### [Prompt]
Where the word "subseteq" shows up in the entries below, please copy the whole line.

[Dataset entries]
lemma vague_conv_eventually_meets:
  assumes "vague_conv X ms m" "\<phi> \<in> Cc X" "\<And>q. \<phi> q \<ge> 0"
    and "finite {q. m q \<noteq> 0 \<and> \<phi> q \<noteq> 0}" "m p \<noteq> 0" "\<phi> p > 0"
  shows "\<forall>\<^sub>F n in sequentially. \<exists>q. ms n q \<noteq> 0 \<and> \<phi> q \<noteq> 0"
proof -
  have "0 < real (m p) * \<phi> p" using assms(5,6) by simp
  also have "\<dots> \<le> mint m \<phi>" using assms(3-6) by (intro mint_ge_member) auto
  finally have "mint m \<phi> > 0" .
  moreover have "(\<lambda>n. mint (ms n) \<phi>) \<longlonglongrightarrow> mint m \<phi>"
    using assms(1,2) unfolding vague_conv_def by blast
  ultimately have "\<forall>\<^sub>F n in sequentially. mint (ms n) \<phi> > 0" by (simp add: order_tendstoD(1))
  then show ?thesis by (rule eventually_mono) (rule mint_nonzero_imp_support, simp)
qed

lemma eventually_sequentially_diagonal:
  assumes "\<And>k. \<forall>\<^sub>F n in sequentially. P k n"
  shows "\<exists>N. \<forall>k. k \<le> N k \<and> P k (N k)"
proof -
  obtain N0 where "\<And>k n. n \<ge> N0 k \<Longrightarrow> P k n"
    using assms choice[of "\<lambda>k N. \<forall>n\<ge>N. P k n"] unfolding eventually_sequentially by metis
  then show ?thesis by (intro exI[of _ "\<lambda>k. N0 k + k"]) simp
qed

lemma vague_conv_support_approx:
  fixes ms :: "nat \<Rightarrow> ('a, 'b) cpt \<Rightarrow> nat" and H :: "('a \<times> 'b \<Rightarrow> real) set"
    and B :: "nat \<Rightarrow> ('a \<times> 'b) set"
  defines "X \<equiv> {(b, \<theta>). (\<exists>y. b y) \<and> \<theta> \<in> H}"
  assumes "compact H" "vague_conv X ms m" "discrete_set X m" "m p \<noteq> 0"
    and "\<And>k. finite (B k)" "\<And>y. \<forall>\<^sub>F k in sequentially. y \<in> B k"
    and good: "\<And>k. \<forall>\<^sub>F n in sequentially. good k n"
  shows "\<exists>N Q. (\<forall>k. k \<le> N k \<and> good k (N k) \<and> ms (N k) (Q k) \<noteq> 0) \<and> Q \<longlonglongrightarrow> p"
proof -
  obtain b0 t0 where p: "p = (b0, t0)" by fastforce
  have "p \<in> X" using assms(4,5) unfolding discrete_set_def by blast
  then obtain y0 where "b0 y0" unfolding X_def p by auto
  define W where "W k = insert y0 (B k)" for k
  define e where "e k = inverse (real (Suc k))" for k
  define \<phi> where "\<phi> k = cylinder_bump (W k) b0 t0 (e k)" for k
  have W: "finite (W k)" "y0 \<in> W k" for k unfolding W_def using assms(6) by auto
  have e: "e k > 0" for k unfolding e_def by simp
  have "{q. m q \<noteq> 0 \<and> \<phi> k q \<noteq> 0} \<subseteq> {q. m q \<noteq> 0 \<and> fst q y0}" for k
    using cylinder_bump_nonzeroD(1)[OF _ W(1) e W(2)] \<open>b0 y0\<close> unfolding \<phi>_def by fastforce
  then have finite_support: "finite {q. m q \<noteq> 0 \<and> \<phi> k q \<noteq> 0}" for k
    using assms(4) unfolding discrete_set_def by (blast intro: finite_subset)
  have "\<phi> k \<in> Cc X" for k
    unfolding \<phi>_def X_def using W \<open>b0 y0\<close> assms(2) e by (rule cylinder_bump_Cc)
  then have "\<forall>\<^sub>F n in sequentially. \<exists>q. ms n q \<noteq> 0 \<and> \<phi> k q \<noteq> 0" for k
    by (rule vague_conv_eventually_meets[OF assms(3) _ _ finite_support assms(5)])
      (simp_all add: \<phi>_def p cylinder_bump_nonneg cylinder_bump_center)
  then obtain N where "\<forall>k. k \<le> N k \<and> good k (N k) \<and> (\<exists>q. ms (N k) q \<noteq> 0 \<and> \<phi> k q \<noteq> 0)"
    using eventually_sequentially_diagonal[of "\<lambda>k n. good k n \<and> (\<exists>q. ms n q \<noteq> 0 \<and> \<phi> k q \<noteq> 0)"]
      good eventually_conj by blast
  then obtain Q where N: "\<forall>k. k \<le> N k \<and> good k (N k) \<and> ms (N k) (Q k) \<noteq> 0"
    and "\<And>k. \<phi> k (Q k) \<noteq> 0" by metis
  moreover have "e \<longlonglongrightarrow> 0" unfolding e_def by (rule LIMSEQ_inverse_real_of_nat)
  moreover have "\<forall>\<^sub>F k in sequentially. y \<in> W k" for y
    using assms(7) unfolding W_def by (auto elim: eventually_mono)
  ultimately have "Q \<longlonglongrightarrow> p"
    unfolding p \<phi>_def using tendsto_of_cylinder_bump_nonzero W(1) e by blast
  with N show ?thesis by blast
qed

section \<open>Perturbed diamonds and the sets \<open>A\<^sub>n\<^sub>,\<^sub>T\<close>\<close>

lemma diamond_center_bound:
  assumes "fin_gen S" "fin_gen S'" "mono f" "y \<in> diamond S S' f r n x"
  shows "wdist S 0 (fst x) \<le> wdist S 0 (fst y) + r n"
    and "wdist S' 0 (snd x) \<le> wdist S' 0 (snd y) + f (r n)"
proof -
  obtain t where t: "t \<le> r n" "wdist S (fst x) (fst y) = r n - t" "wdist S' (snd x) (snd y) \<le> f t"
    using assms(4) unfolding diamond_def by auto
  have "f t \<le> f (r n)" using assms(3) t(1) by (rule monoD)
  then have "wdist S (fst y) (fst x) \<le> r n" "wdist S' (snd y) (snd x) \<le> f (r n)"
    using t wdist_commute[OF assms(1), of "fst y"] wdist_commute[OF assms(2), of "snd y"] by simp_all
  then show "wdist S 0 (fst x) \<le> wdist S 0 (fst y) + r n"
    and "wdist S' 0 (snd x) \<le> wdist S' 0 (snd y) + f (r n)"
    using wdist_triangle[OF assms(1), of 0 "fst x" "fst y"] wdist_triangle[OF assms(2), of 0 "snd x" "snd y"]
    by simp_all
qed

lemma diamond_center_far:
  assumes "fin_gen S" "fin_gen S'" "mono f" "y \<in> diamond S S' f r n x"
    and "pdiamond S S' c f r n x \<notin> A_set S S' c f r n T"
    and "real (wdist S 0 (fst y)) < T" "real (wdist S' 0 (snd y)) < T"
  shows "T \<le> real (wdist S 0 (fst x))" "T \<le> real (wdist S' 0 (snd x))"
  using assms(5-7) diamond_center_bound[OF assms(1-4)] unfolding A_set_def by force+

lemma finite_A_set:
  assumes "fin_gen S" "fin_gen S'"
  shows "finite (A_set S S' c f r n T)"
proof -
  define R where "R = r n + f (r n) + nat \<lceil>\<bar>T\<bar>\<rceil>"
  have "real (r n) + T \<le> R" "T \<le> R" "real (f (r n)) + T \<le> R"
    unfolding R_def by linarith+
  then have "{x. (real (wdist S 0 (fst x)) < real (r n) + T \<and> real (wdist S' 0 (snd x)) < T) \<or>
       (real (wdist S' 0 (snd x)) < real (f (r n)) + T \<and> real (wdist S 0 (fst x)) < T)}
     \<subseteq> {y. wdist S 0 y \<le> R} \<times> {y'. wdist S' 0 y' \<le> R}"
    by auto
  then have "A_set S S' c f r n T \<subseteq> pdiamond S S' c f r n ` ({y. wdist S 0 y \<le> R} \<times> {y'. wdist S' 0 y' \<le> R})"
    unfolding A_set_def by (rule image_mono)
  then show ?thesis
    by (rule finite_subset) (intro finite_imageI finite_wdist_ball_prod assms)
qed

lemma eventually_vanish_of_sum_tendsto_0:
  fixes g :: "nat \<Rightarrow> 'c \<Rightarrow> nat"
  assumes "\<And>n. finite (A n)" "(\<lambda>n. real (\<Sum>q\<in>A n. g n q)) \<longlonglongrightarrow> 0"
  shows "\<forall>\<^sub>F n in sequentially. \<forall>q\<in>A n. g n q = 0"
proof -
  have "\<forall>\<^sub>F n in sequentially. real (\<Sum>q\<in>A n. g n q) < 1"
    using assms(2) by (rule order_tendstoD) simp
  then show ?thesis
  proof (rule eventually_mono)
    fix n assume "real (\<Sum>q\<in>A n. g n q) < 1"
    then have "(\<Sum>q\<in>A n. g n q) = 0" by linarith
    then show "\<forall>q\<in>A n. g n q = 0" using assms(1) by simp
  qed
qed

lemma eventually_vanish_on_A_set:
  assumes "fin_gen S" "fin_gen S'" "strict_mono \<sigma>"
    and "(\<lambda>n. real (\<Sum>p\<in>A_set S S' c f r n T. Cs n p)) \<longlonglongrightarrow> 0"
  shows "\<forall>\<^sub>F n in sequentially. \<forall>q\<in>A_set S S' c f r (\<sigma> n) T. Cs (\<sigma> n) q = 0"
proof -
  have "(\<lambda>n. real (\<Sum>q\<in>A_set S S' c f r (\<sigma> n) T. Cs (\<sigma> n) q)) \<longlonglongrightarrow> 0"
    using LIMSEQ_subseq_LIMSEQ[OF assms(4,3)] by (simp add: o_def)
  with finite_A_set[OF assms(1,2)] show ?thesis by (rule eventually_vanish_of_sum_tendsto_0)
qed

lemma diamond_centers_tendsto_infinity:
  assumes "fin_gen S" "fin_gen S'" "mono f"
    and lim: "(\<lambda>k. pdiamond S S' c f r (nk k) (x k)) \<longlonglongrightarrow> p" and "fst p z"
    and avoid: "\<And>k. pdiamond S S' c f r (nk k) (x k) \<notin> A_set S S' c f r (nk k) (real k + R)"
    and "real (wdist S 0 (fst z)) < R" "real (wdist S' 0 (snd z)) < R"
  shows "filterlim (\<lambda>k. real (wdist S (fst (x k)) 0)) at_top sequentially"
    and "filterlim (\<lambda>k. real (wdist S' (snd (x k)) 0)) at_top sequentially"
proof -
  have "\<forall>\<^sub>F k in sequentially. real k \<le> real (wdist S (fst (x k)) 0) \<and> real k \<le> real (wdist S' (snd (x k)) 0)"
  proof (rule eventually_mono[OF eventually_tendsto_fun_true[OF tendsto_fst[OF lim] \<open>fst p z\<close>]])
    fix k assume "fst (pdiamond S S' c f r (nk k) (x k)) z"
    then have "z \<in> diamond S S' f r (nk k) (x k)" by (simp add: pdiamond_def)
    moreover have "real (wdist S 0 (fst z)) < real k + R" "real (wdist S' 0 (snd z)) < real k + R"
      using assms(7,8) by linarith+
    ultimately have "real k + R \<le> real (wdist S 0 (fst (x k)))" "real k + R \<le> real (wdist S' 0 (snd (x k)))"
      by (rule diamond_center_far[OF assms(1-3) _ avoid])+
    moreover have "0 < R" using assms(7) by linarith
    ultimately show "real k \<le> real (wdist S (fst (x k)) 0) \<and> real k \<le> real (wdist S' (snd (x k)) 0)"
      using wdist_commute[OF assms(1), of "fst (x k)"] wdist_commute[OF assms(2), of "snd (x k)"] by simp
  qed
  then show "filterlim (\<lambda>k. real (wdist S (fst (x k)) 0)) at_top sequentially"
    and "filterlim (\<lambda>k. real (wdist S' (snd (x k)) 0)) at_top sequentially"
    by (auto intro: filterlim_at_top_mono[OF filterlim_real_sequentially eventually_mono])
qed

### [Reply]
  have "{q. m q \<noteq> 0 \<and> \<phi> k q \<noteq> 0} \<subseteq> {q. m q \<noteq> 0 \<and> fst q y0}" for k
     \<subseteq> {y. wdist S 0 y \<le> R} \<times> {y'. wdist S' 0 y' \<le> R}"
  then have "A_set S S' c f r n T \<subseteq> pdiamond S S' c f r n ` ({y. wdist S 0 y \<le> R} \<times> {y'. wdist S' 0 y' \<le> R})"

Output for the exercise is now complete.